-------- Material for the task --------
lemma perm_genus_step:
  fixes a :: "'a \<Rightarrow> 'a" and x :: 'a
  defines "a' \<equiv> a(x := x, a x := a x)"
  assumes "finite H" and "bij_betw s H H" and a: "\<forall>y\<in>H. a y \<in> H \<and> a (a y) = y"
    and "x \<in> H" and "a x \<noteq> x"
  shows "num_components H (graph_on H a) + num_components H (graph_on H (s \<circ> a))
           + 2 * num_components H (graph_on H s \<union> graph_on H a')
         \<le> num_components H (graph_on H a') + num_components H (graph_on H (s \<circ> a'))
           + 2 * num_components H (graph_on H s \<union> graph_on H a)"
proof -
  have ax: "a x \<in> H" "a (a x) = x" using a assms(5) by auto
  have a': "\<forall>y\<in>H. a' y \<in> H \<and> a' (a' y) = y"
    unfolding a'_def by (rule involution_remove_pair[OF a assms(5)])
  have "a x = x" if "(x, a x) \<in> equivcl (graph_on H a')"
    by (rule equivcl_isolated[OF _ that]) (use a in \<open>auto simp: a'_def\<close>)
  then have "(x, a x) \<notin> equivcl (graph_on H a')" using assms(6) by blast
  then have a_count: "num_components H (graph_on H a') = num_components H (graph_on H a) + 1"
    using num_components_insert_merge[OF assms(2,5) ax(1)]
      equivcl_involution_split[OF a assms(5), of "{}"]
    by (simp add: num_components_def flip: a'_def)
  have s_a: "equivcl (graph_on H s \<union> graph_on H a)
      = equivcl (insert (x, a x) (graph_on H s \<union> graph_on H a'))"
    unfolding a'_def by (rule equivcl_involution_split[OF a assms(5)])
  have sa: "s \<circ> a = (s \<circ> a')(x := (s \<circ> a') (a x), a x := (s \<circ> a') x)"
    using ax unfolding a'_def by (auto simp: fun_eq_iff)
  have "bij_betw (s \<circ> a') H H"
    using a' by (intro bij_betw_trans[OF _ assms(3)] bij_betw_byWitness[of H a' a']) auto
  note swap = num_components_transposition[OF assms(2) this assms(5) ax(1) assms(6)[symmetric],
      folded sa]
  show ?thesis
  proof (cases "(x, a x) \<in> equivcl (graph_on H s \<union> graph_on H a')")
    case True
    then have "num_components H (graph_on H s \<union> graph_on H a)
        = num_components H (graph_on H s \<union> graph_on H a')"
      using s_a equivcl_insert_connected[OF True] by (simp add: num_components_def)
    then show ?thesis using a_count swap(1) by linarith
  next
    case False
    then have "num_components H (graph_on H s \<union> graph_on H a) + 1
        = num_components H (graph_on H s \<union> graph_on H a')"
      using s_a num_components_insert_merge[OF assms(2,5) ax(1)] by (simp add: num_components_def)
    moreover have "(x, a x) \<notin> equivcl (graph_on H (s \<circ> a'))"
      using False equivcl_graph_comp[of a' H s] a' by blast
    ultimately show ?thesis using a_count swap(2) by linarith
  qed
qed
--------
* Instructions for the task
Check each line above for the word "swap", and copy the lines where it appears.

* Problem solution
  note swap = num_components_transposition[OF assms(2) this assms(5) ax(1) assms(6)[symmetric],
    then show ?thesis using a_count swap(1) by linarith
    ultimately show ?thesis using a_count swap(2) by linarith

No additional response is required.